Return only the number of lines in the records below where the string "constant" shows up.

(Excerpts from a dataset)
┄┄┄┄┄┄┄┄┄┄┄┄┄┄┄┄┄┄┄┄
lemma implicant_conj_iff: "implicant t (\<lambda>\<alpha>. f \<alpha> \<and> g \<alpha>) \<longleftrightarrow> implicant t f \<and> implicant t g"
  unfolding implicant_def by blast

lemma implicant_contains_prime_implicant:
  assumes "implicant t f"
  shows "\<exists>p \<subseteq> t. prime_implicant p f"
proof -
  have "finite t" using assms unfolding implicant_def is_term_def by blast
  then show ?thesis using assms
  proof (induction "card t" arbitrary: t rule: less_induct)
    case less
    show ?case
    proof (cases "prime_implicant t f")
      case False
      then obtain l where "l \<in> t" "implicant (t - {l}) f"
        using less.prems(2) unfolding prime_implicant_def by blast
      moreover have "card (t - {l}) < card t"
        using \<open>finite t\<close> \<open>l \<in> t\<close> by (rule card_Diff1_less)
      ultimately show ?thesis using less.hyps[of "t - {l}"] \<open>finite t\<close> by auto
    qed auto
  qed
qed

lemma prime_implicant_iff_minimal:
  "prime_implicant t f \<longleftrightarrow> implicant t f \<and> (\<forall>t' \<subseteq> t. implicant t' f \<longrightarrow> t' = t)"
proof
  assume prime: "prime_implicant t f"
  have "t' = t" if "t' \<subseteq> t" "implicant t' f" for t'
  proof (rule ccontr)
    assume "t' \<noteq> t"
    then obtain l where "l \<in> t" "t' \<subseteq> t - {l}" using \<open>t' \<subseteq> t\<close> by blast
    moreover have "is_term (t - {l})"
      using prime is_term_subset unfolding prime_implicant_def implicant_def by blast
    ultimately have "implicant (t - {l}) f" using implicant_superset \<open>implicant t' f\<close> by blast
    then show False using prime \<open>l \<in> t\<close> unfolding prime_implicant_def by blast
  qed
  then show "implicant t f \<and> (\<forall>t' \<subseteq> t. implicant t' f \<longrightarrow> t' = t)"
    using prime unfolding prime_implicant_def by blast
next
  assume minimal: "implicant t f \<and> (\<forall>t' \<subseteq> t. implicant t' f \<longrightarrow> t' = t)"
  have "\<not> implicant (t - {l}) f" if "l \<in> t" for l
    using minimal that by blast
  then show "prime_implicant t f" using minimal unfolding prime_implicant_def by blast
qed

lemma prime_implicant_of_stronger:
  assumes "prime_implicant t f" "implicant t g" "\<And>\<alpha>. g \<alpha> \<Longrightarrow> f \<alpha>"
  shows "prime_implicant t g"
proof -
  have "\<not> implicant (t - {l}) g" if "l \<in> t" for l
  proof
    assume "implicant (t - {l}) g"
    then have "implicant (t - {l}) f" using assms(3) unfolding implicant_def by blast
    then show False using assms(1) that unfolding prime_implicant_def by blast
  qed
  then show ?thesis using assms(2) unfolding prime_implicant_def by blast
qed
┄┄┄┄┄┄┄┄┄┄┄┄┄┄┄┄┄┄┄┄
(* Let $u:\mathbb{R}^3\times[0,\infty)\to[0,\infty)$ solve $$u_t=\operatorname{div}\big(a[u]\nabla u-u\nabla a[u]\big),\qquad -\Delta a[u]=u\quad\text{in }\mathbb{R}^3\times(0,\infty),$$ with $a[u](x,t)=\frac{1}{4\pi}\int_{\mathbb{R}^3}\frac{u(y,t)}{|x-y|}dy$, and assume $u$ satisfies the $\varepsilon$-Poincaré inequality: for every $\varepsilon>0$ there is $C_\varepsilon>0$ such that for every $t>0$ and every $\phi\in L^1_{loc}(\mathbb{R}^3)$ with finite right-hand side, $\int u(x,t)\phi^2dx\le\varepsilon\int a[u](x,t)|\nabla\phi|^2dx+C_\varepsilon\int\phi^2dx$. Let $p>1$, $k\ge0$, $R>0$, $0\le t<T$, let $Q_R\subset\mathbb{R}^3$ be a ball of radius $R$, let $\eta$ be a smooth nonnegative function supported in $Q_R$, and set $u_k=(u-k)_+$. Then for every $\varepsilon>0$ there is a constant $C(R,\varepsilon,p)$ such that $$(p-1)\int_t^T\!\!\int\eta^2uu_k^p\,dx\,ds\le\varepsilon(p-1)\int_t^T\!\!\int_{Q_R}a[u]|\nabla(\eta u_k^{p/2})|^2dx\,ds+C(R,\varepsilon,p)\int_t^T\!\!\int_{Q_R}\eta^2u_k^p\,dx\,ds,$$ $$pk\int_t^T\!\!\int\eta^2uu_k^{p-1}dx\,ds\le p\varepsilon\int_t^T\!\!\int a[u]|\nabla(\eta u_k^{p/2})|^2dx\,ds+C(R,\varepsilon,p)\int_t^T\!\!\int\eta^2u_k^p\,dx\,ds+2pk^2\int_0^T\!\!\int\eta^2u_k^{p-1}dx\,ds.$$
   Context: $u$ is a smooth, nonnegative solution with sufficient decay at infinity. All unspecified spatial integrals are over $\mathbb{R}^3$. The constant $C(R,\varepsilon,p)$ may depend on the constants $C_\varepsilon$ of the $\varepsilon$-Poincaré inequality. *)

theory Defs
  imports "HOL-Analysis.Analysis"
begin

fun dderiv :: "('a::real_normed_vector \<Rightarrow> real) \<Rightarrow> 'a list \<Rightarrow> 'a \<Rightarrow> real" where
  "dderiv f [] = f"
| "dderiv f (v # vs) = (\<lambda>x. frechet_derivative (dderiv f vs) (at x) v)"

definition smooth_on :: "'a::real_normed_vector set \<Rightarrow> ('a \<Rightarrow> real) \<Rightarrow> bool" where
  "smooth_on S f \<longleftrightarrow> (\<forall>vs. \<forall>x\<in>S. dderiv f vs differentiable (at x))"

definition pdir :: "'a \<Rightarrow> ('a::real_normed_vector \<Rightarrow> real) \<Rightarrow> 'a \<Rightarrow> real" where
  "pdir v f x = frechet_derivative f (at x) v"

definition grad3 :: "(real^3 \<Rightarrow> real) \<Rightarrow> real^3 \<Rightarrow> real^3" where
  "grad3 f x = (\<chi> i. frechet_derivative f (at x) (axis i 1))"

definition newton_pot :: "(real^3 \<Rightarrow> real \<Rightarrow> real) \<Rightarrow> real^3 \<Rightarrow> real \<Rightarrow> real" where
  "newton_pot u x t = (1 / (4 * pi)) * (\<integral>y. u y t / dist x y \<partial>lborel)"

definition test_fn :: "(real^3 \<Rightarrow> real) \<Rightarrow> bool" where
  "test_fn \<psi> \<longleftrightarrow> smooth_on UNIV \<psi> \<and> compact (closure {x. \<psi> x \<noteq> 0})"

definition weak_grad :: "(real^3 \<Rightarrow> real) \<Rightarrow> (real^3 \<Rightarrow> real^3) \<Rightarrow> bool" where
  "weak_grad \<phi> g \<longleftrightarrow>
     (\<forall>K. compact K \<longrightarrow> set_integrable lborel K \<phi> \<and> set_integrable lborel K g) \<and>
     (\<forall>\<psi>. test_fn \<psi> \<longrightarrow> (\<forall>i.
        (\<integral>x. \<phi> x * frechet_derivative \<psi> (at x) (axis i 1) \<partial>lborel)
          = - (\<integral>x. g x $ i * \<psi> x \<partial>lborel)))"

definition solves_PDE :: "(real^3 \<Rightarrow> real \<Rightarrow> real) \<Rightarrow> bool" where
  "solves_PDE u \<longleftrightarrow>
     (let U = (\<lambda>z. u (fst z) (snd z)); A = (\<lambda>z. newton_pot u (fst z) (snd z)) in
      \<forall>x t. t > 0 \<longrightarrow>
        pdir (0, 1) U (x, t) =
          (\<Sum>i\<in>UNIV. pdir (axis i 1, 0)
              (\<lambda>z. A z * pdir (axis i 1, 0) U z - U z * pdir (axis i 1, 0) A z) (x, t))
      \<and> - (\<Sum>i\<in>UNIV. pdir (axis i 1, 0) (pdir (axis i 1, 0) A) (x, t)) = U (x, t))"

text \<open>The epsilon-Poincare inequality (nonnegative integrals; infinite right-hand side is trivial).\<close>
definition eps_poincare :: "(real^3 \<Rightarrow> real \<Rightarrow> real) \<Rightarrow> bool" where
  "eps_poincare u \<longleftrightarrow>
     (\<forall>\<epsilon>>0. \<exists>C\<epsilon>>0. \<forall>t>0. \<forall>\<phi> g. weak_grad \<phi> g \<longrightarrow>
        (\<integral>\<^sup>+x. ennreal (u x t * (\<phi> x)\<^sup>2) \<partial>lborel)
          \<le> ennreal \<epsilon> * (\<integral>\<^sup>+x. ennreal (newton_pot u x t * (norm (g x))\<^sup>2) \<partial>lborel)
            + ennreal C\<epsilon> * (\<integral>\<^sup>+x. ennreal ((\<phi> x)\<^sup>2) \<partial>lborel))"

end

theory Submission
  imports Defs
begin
┄┄┄┄┄┄┄┄┄┄┄┄┄┄┄┄┄┄┄┄
• SOLUTION FOR THIS PROBLEM
2